Hurling just isn’t the same without crowds and with people criticising the games and their flatness, it’s fairly clear where most of this flatness is coming from.

“Jesus, I’d love to see more fans at the game,” said Brian Lohan afterwards.

“It would be an awful lot less hassle for us from a ticketing perspective. We got 80 tickets, we tried to give two players to each one of the players, so that was 74 tickets, so we’d six for our backroom team, so it meant some of our backroom had to stay at home again. So we could do with a couple more, but that decision is out of my hands,” he added.

The powers that be must stand up now. So must Clare, says Lohan, who in his post-match interview gave the impression that there will be more than just shooting drills at Clare training this week.

“It was a bit frantic yeah.
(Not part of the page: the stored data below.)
(* For every instance of OfflineKnapExp and every $Q\subseteq\mathcal{I}$: if $U_P(Q)\le p^*$ holds for every packing $P$, then there is a packing $P\subseteq Q\cup\mathcal{I}_T$ with $p(P)=p^*$. Consequently, $Q$ is feasible if and only if $\sum_{i\in P\cap Q}(U_i-p_i)\ge U_P-p^*$ for every packing $P$, where $U_P=\sum_{i\in P}U_i$.
   Context: An instance of OfflineKnapExp is $\mathcal{K}=(\mathcal{I},B,w,p,\mathcal{A})$ where $\mathcal{I}=\{1,\dots,n\}$ is a set of items, $B\in\mathbb{N}$ is the knapsack capacity, each item has a weight $w_i\in\mathbb{N}$ with $w_i\le B$, a profit $p_i\in\mathbb{R}_{\ge 0}$, and an uncertainty interval $I_i\in\mathcal{A}$ with $p_i\in I_i$; each $I_i$ is either an open interval $(L_i,U_i)$ or trivial, $I_i=\{p_i\}$ (in which case $L_i=U_i=p_i$). $\mathcal{I}_T$ denotes the set of trivial items. A packing is a set $P\subseteq\mathcal{I}$ with $\sum_{i\in P}w_i\le B$; $p(P)=\sum_{i\in P}p_i$, and $p^*$ is the maximum of $p(P)$ over all packings. For $Q\subseteq\mathcal{I}$ let $U_i(Q)=p_i$ if $i\in Q$ and $U_i(Q)=U_i$ otherwise, and $U_P(Q)=\sum_{i\in P}U_i(Q)$. A query set $Q\subseteq\mathcal{I}$ is feasible if (1) there is a packing $P\subseteq Q\cup\mathcal{I}_T$ with $p(P)=p^*$, and (2) $U_P(Q)\le p^*$ for every packing $P$. *)

theory Defs
  imports Complex_Main
begin

text \<open>An OfflineKnapExp instance: items are 0..<n, capacity B, weights w, true profits p,
 interval endpoints L, U, and the set T of trivial items (interval {p i}).\<close>

definition knap_instance ::
  "nat \<Rightarrow> nat \<Rightarrow> (nat \<Rightarrow> nat) \<Rightarrow> (nat \<Rightarrow> real) \<Rightarrow> (nat \<Rightarrow> real) \<Rightarrow> (nat \<Rightarrow> real)
   \<Rightarrow> nat set \<Rightarrow> bool" where
  "knap_instance n B w p L U T \<longleftrightarrow>
     T \<subseteq> {..<n} \<and>
     (\<forall>i<n. w i \<le> B \<and> 0 \<le> p i) \<and>
     (\<forall>i\<in>T. L i = p i \<and> U i = p i) \<and>
     (\<forall>i\<in>{..<n} - T. L i < p i \<and> p i < U i)"

definition packing :: "nat \<Rightarrow> nat \<Rightarrow> (nat \<Rightarrow> nat) \<Rightarrow> nat set \<Rightarrow> bool" where
  "packing n B w P \<longleftrightarrow> P \<subseteq> {..<n} \<and> (\<Sum>i\<in>P. w i) \<le> B"

definition profit :: "(nat \<Rightarrow> real) \<Rightarrow> nat set \<Rightarrow> real" where
  "profit p P = (\<Sum>i\<in>P. p i)"

definition opt_profit :: "nat \<Rightarrow> nat \<Rightarrow> (nat \<Rightarrow> nat) \<Rightarrow> (nat \<Rightarrow> real) \<Rightarrow> real" where
  "opt_profit n B w p = Max {profit p P | P. packing n B w P}"

definition Uq :: "(nat \<Rightarrow> real) \<Rightarrow> (nat \<Rightarrow> real) \<Rightarrow> nat set \<Rightarrow> nat \<Rightarrow> real" where
  "Uq p U Q i = (if i \<in> Q then p i else U i)"

definition UP :: "(nat \<Rightarrow> real) \<Rightarrow> (nat \<Rightarrow> real) \<Rightarrow> nat set \<Rightarrow> nat set \<Rightarrow> real" where
  "UP p U Q P = (\<Sum>i\<in>P. Uq p U Q i)"

definition feasible_query ::
  "nat \<Rightarrow> nat \<Rightarrow> (nat \<Rightarrow> nat) \<Rightarrow> (nat \<Rightarrow> real) \<Rightarrow> (nat \<Rightarrow> real) \<Rightarrow> nat set \<Rightarrow> nat set \<Rightarrow> bool" where
  "feasible_query n B w p U T Q \<longleftrightarrow>
     (\<exists>P. packing n B w P \<and> P \<subseteq> Q \<union> T \<and> profit p P = opt_profit n B w p) \<and>
     (\<forall>P. packing n B w P \<longrightarrow> UP p U Q P \<le> opt_profit n B w p)"

end

theory Submission
  imports Defs
begin

text \<open>Every item satisfies \<open>p i \<le> U i\<close>, strictly unless it is trivial, so replacing profits
  by the bounds \<open>U\<^sub>i(Q)\<close> strictly increases the value of any packing that uses an item
  outside \<open>Q \<union> T\<close>. An optimal packing therefore lies in \<open>Q \<union> T\<close> as soon as no packing
  has \<open>U\<^sub>P(Q)\<close> above \<open>p\<^sup>*\<close>. The equivalence then follows from
  \<open>U\<^sub>P(Q) = U\<^sub>P - (\<Sum>i\<in>P \<inter> Q. U\<^sub>i - p\<^sub>i)\<close>.\<close>

lemma finite_packing: "packing n B w P \<Longrightarrow> finite P"
  unfolding packing_def by (meson finite_lessThan finite_subset)

lemma finite_packing_profits: "finite {profit p P | P. packing n B w P}"
proof (rule finite_subset)
  show "{profit p P | P. packing n B w P} \<subseteq> profit p ` Pow {..<n}"
    by (auto simp: packing_def)
qed simp

lemma opt_profit_attained: "\<exists>P. packing n B w P \<and> profit p P = opt_profit n B w p"
proof -
  have "packing n B w {}"
    by (simp add: packing_def)
  then have "{profit p P | P. packing n B w P} \<noteq> {}"
    by blast
  from Max_in[OF finite_packing_profits this] show ?thesis
    unfolding opt_profit_def by auto
qed

lemma UP_eq_sum_U_minus_gain:
  assumes "finite P"
  shows "UP p U Q P = (\<Sum>i\<in>P. U i) - (\<Sum>i\<in>P \<inter> Q. U i - p i)"
proof -
  have "UP p U Q P = (\<Sum>i\<in>P \<inter> Q. Uq p U Q i) + (\<Sum>i\<in>P - Q. Uq p U Q i)"
    unfolding UP_def using assms by (metis Diff_eq sum.Int_Diff)
  also have "\<dots> = (\<Sum>i\<in>P \<inter> Q. p i) + (\<Sum>i\<in>P - Q. U i)"
    by (simp add: Uq_def)
  finally have "UP p U Q P = (\<Sum>i\<in>P \<inter> Q. p i) + (\<Sum>i\<in>P - Q. U i)" .
  moreover have "(\<Sum>i\<in>P. U i) = (\<Sum>i\<in>P \<inter> Q. U i) + (\<Sum>i\<in>P - Q. U i)"
    using assms by (metis Diff_eq sum.Int_Diff)
  ultimately show ?thesis
    by (simp add: sum_subtractf)
qed

lemma profit_le_Uq:
  assumes "knap_instance n B w p L U T" and "i < n"
  shows "p i \<le> Uq p U Q i"
  using assms unfolding knap_instance_def Uq_def by (force intro: less_imp_le)

lemma profit_less_Uq:
  assumes "knap_instance n B w p L U T" and "i < n" and "i \<notin> Q \<union> T"
  shows "p i < Uq p U Q i"
  using assms unfolding knap_instance_def Uq_def by auto

lemma profit_less_UP:
  assumes inst: "knap_instance n B w p L U T" and P: "packing n B w P"
    and "\<not> P \<subseteq> Q \<union> T"
  shows "profit p P < UP p U Q P"
proof -
  have below_n: "i < n" if "i \<in> P" for i
    using P that by (auto simp: packing_def)
  obtain j where "j \<in> P" "j \<notin> Q \<union> T"
    using assms(3) by blast
  then show ?thesis
    unfolding profit_def UP_def
    using sum_strict_mono_ex1[OF finite_packing[OF P], of p "Uq p U Q"]
      profit_le_Uq[OF inst below_n] profit_less_Uq[OF inst below_n] by blast
qed

lemma optimal_packing_within_queried:
  assumes inst: "knap_instance n B w p L U T"
    and bounded: "\<forall>P. packing n B w P \<longrightarrow> UP p U Q P \<le> opt_profit n B w p"
  shows "\<exists>P. packing n B w P \<and> P \<subseteq> Q \<union> T \<and> profit p P = opt_profit n B w p"
proof -
  obtain P where P: "packing n B w P" "profit p P = opt_profit n B w p"
    using opt_profit_attained by blast
  have "P \<subseteq> Q \<union> T"
    using profit_less_UP[OF inst P(1)] bounded P by force
  with P show ?thesis
    by blast
qed

theorem mainTheorem6:
  fixes n B :: nat and w :: "nat \<Rightarrow> nat" and p L U :: "nat \<Rightarrow> real" and T Q :: "nat set"
  assumes "knap_instance n B w p L U T"
    and "Q \<subseteq> {..<n}"
  shows "((\<forall>P. packing n B w P \<longrightarrow> UP p U Q P \<le> opt_profit n B w p) \<longrightarrow>
            (\<exists>P. packing n B w P \<and> P \<subseteq> Q \<union> T \<and> profit p P = opt_profit n B w p))
       \<and> (feasible_query n B w p U T Q \<longleftrightarrow>
            (\<forall>P. packing n B w P \<longrightarrow>
               (\<Sum>i\<in>P \<inter> Q. U i - p i) \<ge> (\<Sum>i\<in>P. U i) - opt_profit n B w p))"
proof -
  have bound_iff_gain: "UP p U Q P \<le> opt_profit n B w p \<longleftrightarrow>
      (\<Sum>i\<in>P \<inter> Q. U i - p i) \<ge> (\<Sum>i\<in>P. U i) - opt_profit n B w p"
    if "packing n B w P" for P
    using UP_eq_sum_U_minus_gain[OF finite_packing[OF that], of p U Q] by linarith
  show ?thesis
    using optimal_packing_within_queried[OF assms(1)] bound_iff_gain
    unfolding feasible_query_def by blast
qed

end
That’s what happens when you start missing shots that you’d normally put over. There’s a little bit of panic sets in. I don’t know what our wide count was but our wide count and our decision making probably needs to be improved on, fairly drastically.”

If Lohan has concerns then the typically honest Liam Cahill has problems. Serious problems which he intends to stare down with the cold-blooded conviction that makes you think that while Waterford are down but they may not be out.

“We could have been beaten by a lot more to be honest,” Cahill said matter-of-factly.

“I have to throw everything at this now. I’m going to look at it really stringently and rigorously because ultimately too many lads failed today.

“Too many players failed today for my liking.”

Cahill has never seen a bush he wanted to beat around.

“I have 37 on the squad and they’re all putting in great work. We had 11 guys training earlier this morning that trained really, really hard. They must be looking in at that saying, “what have I to do to get into the squad?” I’ll be rewarding any player that puts their hand up over the next fortnight or three weeks for a qualifier because at this stage I’ve nothing to lose. I’m going to throw everything at it between now and then.”

“But I will give the lads credit, they stuck right in near the end, you know they kept hurling away.  Maybe one or two little chances near the end would have brought it back to three points and going down the home straight you wouldn’t know what might happen.

“But when you’re clinging to them kind of things against a team of the quality of Clare with their backs up, you don’t usually come out the right side of it.  That’s be the most disappointing part of it that, for a young, energetic team – when I say young with the exception of one or two players, the rest of our team are early 20s – we were just flat.

“Again we’re going to all have to look at it from a management perspective and see what caused that today.  But definitely it’s a concern.”